* Task requirements *
Where the string "assms" shows up in a line of the records, copy that line.

* Data extract *
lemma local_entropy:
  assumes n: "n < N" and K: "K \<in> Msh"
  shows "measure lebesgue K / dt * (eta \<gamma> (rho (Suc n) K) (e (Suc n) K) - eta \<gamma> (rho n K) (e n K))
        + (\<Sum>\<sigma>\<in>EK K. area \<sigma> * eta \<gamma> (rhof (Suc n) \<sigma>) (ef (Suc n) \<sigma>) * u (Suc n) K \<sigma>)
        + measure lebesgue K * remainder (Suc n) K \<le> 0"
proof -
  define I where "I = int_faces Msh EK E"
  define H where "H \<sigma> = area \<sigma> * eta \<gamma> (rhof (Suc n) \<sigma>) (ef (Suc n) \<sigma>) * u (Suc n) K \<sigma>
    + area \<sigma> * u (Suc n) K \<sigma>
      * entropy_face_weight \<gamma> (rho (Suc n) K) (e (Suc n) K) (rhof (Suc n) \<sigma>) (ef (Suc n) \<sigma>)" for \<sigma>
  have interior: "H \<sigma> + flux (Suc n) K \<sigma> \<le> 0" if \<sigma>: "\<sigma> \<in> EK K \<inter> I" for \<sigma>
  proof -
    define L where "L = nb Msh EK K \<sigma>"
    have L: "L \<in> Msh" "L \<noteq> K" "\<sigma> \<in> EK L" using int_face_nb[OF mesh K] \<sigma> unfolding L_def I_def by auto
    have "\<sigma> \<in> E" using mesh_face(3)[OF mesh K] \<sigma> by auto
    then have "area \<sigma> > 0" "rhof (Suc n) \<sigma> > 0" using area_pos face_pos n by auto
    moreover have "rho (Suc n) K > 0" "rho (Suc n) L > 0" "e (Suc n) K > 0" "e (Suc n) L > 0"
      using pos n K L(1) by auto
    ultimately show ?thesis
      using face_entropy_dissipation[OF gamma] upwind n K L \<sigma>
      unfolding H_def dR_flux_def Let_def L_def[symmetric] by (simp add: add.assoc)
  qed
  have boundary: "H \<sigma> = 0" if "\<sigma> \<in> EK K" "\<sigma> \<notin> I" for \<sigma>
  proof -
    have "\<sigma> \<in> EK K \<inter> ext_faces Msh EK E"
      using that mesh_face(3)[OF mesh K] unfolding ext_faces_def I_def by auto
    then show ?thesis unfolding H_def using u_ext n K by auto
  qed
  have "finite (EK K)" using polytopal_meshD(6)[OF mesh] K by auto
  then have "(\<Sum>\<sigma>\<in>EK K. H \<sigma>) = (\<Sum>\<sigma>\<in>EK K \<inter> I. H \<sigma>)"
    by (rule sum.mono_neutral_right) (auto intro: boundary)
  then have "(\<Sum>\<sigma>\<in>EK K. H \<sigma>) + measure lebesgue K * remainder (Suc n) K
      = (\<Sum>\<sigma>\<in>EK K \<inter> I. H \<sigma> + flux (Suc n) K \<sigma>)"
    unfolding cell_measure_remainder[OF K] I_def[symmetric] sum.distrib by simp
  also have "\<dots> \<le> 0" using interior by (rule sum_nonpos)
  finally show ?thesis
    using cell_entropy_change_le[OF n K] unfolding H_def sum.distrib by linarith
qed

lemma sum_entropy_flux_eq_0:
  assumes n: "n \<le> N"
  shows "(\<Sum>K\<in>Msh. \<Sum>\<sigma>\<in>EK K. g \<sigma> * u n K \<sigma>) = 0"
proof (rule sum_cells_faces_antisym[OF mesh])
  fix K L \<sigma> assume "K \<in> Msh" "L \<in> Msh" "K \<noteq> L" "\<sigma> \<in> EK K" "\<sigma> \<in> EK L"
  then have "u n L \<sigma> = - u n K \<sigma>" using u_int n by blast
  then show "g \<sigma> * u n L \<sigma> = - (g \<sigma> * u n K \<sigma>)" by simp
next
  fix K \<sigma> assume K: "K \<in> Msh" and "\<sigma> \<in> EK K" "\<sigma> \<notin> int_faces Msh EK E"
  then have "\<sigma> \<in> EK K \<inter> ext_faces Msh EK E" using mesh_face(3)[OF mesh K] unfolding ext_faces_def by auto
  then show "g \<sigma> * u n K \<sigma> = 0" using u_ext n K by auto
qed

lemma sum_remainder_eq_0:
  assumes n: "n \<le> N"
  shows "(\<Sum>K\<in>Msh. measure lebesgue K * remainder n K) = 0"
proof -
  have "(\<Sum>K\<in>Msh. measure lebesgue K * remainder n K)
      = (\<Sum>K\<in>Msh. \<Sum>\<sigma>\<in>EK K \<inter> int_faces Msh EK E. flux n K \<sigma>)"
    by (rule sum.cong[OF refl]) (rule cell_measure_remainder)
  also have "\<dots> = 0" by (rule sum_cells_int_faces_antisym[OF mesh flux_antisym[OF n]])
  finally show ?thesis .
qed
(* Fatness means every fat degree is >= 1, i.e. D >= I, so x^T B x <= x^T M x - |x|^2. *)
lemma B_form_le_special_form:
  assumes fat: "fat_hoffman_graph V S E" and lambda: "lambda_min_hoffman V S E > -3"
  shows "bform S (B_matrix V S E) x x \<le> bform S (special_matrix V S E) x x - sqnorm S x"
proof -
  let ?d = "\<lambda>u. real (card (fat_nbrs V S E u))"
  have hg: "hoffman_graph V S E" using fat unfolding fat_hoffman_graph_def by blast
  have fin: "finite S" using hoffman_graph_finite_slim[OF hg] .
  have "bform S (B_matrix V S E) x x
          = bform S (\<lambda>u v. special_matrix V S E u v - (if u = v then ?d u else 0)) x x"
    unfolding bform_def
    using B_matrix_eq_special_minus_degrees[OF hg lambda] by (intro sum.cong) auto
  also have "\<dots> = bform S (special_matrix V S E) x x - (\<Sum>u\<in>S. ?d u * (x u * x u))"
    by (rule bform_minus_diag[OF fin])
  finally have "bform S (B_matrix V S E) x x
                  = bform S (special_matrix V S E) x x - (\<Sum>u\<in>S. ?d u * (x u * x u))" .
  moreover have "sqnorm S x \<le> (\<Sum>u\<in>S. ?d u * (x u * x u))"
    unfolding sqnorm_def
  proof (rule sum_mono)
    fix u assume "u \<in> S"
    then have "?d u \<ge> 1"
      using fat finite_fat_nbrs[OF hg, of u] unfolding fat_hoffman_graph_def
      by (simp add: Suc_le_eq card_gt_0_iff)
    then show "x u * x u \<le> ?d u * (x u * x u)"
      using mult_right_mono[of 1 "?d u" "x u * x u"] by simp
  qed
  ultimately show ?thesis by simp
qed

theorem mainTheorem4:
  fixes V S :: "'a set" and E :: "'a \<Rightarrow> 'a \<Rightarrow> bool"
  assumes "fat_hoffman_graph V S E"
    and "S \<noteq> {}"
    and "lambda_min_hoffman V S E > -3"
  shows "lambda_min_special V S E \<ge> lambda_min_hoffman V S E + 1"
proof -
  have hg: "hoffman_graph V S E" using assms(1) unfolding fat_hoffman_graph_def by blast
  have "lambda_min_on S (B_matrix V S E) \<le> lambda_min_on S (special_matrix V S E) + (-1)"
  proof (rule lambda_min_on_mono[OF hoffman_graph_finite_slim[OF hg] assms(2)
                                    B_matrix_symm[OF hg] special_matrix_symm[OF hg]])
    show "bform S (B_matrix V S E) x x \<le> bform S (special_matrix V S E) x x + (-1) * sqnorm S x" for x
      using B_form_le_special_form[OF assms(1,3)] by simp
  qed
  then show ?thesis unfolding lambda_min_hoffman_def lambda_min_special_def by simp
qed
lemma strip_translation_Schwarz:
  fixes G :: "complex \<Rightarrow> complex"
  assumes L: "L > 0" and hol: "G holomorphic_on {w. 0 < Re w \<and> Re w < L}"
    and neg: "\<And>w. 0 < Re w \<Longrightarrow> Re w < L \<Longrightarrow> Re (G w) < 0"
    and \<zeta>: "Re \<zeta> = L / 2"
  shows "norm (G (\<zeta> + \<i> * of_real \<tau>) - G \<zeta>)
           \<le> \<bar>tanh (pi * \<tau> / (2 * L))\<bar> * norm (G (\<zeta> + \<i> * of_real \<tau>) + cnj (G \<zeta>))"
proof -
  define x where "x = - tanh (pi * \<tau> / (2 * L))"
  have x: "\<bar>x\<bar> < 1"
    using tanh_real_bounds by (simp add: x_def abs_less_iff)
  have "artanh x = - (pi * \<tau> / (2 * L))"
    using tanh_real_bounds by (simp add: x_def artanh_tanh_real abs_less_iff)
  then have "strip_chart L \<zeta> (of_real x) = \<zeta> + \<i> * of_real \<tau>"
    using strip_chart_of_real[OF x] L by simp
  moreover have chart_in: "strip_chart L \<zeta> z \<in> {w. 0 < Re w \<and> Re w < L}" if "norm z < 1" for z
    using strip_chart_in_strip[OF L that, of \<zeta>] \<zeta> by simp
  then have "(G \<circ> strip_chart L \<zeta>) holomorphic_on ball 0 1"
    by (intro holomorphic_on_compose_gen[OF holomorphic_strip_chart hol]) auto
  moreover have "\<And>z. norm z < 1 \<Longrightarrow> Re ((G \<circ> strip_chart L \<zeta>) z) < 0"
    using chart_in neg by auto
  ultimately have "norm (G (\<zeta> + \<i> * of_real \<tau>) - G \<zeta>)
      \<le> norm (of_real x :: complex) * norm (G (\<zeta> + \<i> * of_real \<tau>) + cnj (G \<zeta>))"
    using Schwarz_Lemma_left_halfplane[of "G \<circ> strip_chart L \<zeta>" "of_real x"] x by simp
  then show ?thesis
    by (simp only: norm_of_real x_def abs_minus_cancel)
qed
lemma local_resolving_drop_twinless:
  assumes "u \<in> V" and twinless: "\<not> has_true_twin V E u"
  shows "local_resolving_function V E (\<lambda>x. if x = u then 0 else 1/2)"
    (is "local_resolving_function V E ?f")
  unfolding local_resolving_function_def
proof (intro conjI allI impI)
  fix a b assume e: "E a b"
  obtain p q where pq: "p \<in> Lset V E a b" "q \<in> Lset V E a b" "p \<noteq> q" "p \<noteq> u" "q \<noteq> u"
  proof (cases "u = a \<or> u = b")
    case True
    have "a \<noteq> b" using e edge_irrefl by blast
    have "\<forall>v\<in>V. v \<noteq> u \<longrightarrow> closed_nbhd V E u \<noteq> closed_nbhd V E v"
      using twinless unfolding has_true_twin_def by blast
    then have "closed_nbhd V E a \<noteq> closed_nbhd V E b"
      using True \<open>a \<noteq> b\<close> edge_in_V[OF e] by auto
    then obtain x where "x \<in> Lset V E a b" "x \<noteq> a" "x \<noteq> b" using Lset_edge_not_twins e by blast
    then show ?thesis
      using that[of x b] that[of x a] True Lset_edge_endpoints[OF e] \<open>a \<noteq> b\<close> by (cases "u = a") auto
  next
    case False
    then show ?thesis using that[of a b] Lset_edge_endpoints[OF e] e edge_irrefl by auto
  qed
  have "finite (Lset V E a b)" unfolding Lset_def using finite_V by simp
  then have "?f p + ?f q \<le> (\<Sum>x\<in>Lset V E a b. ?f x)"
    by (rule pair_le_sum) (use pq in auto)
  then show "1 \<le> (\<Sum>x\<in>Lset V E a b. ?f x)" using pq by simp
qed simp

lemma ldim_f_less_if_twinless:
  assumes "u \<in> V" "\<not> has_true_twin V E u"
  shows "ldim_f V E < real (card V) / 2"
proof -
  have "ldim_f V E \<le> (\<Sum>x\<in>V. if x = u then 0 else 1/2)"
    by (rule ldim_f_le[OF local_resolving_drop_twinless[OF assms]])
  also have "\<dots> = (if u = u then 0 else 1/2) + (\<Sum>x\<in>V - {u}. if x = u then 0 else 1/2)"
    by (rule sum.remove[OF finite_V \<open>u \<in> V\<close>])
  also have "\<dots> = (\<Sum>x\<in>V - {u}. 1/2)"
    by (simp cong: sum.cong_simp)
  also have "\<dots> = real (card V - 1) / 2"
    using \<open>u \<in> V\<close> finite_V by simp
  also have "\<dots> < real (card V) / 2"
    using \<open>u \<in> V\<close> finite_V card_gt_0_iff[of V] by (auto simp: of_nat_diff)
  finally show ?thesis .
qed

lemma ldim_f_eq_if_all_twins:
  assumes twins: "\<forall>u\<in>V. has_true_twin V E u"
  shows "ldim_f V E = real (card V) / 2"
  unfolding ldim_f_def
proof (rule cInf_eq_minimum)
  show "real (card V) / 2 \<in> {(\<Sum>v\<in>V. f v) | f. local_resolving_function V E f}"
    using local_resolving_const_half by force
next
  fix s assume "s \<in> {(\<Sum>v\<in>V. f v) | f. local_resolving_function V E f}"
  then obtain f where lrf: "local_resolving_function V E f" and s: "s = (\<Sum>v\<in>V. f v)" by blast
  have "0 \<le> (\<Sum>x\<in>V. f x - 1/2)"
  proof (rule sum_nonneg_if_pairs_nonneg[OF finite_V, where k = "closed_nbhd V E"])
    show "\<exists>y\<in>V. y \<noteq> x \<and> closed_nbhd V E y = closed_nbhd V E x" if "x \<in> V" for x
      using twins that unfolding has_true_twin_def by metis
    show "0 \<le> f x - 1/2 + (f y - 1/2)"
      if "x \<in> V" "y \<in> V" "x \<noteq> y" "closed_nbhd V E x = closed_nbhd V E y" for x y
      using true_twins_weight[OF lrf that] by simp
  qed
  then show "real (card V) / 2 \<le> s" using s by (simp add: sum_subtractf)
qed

* Response to this exercise *
  have hg: "hoffman_graph V S E" using assms(1) unfolding fat_hoffman_graph_def by blast
  proof (rule lambda_min_on_mono[OF hoffman_graph_finite_slim[OF hg] assms(2)
      using B_form_le_special_form[OF assms(1,3)] by simp
    by (rule ldim_f_le[OF local_resolving_drop_twinless[OF assms]])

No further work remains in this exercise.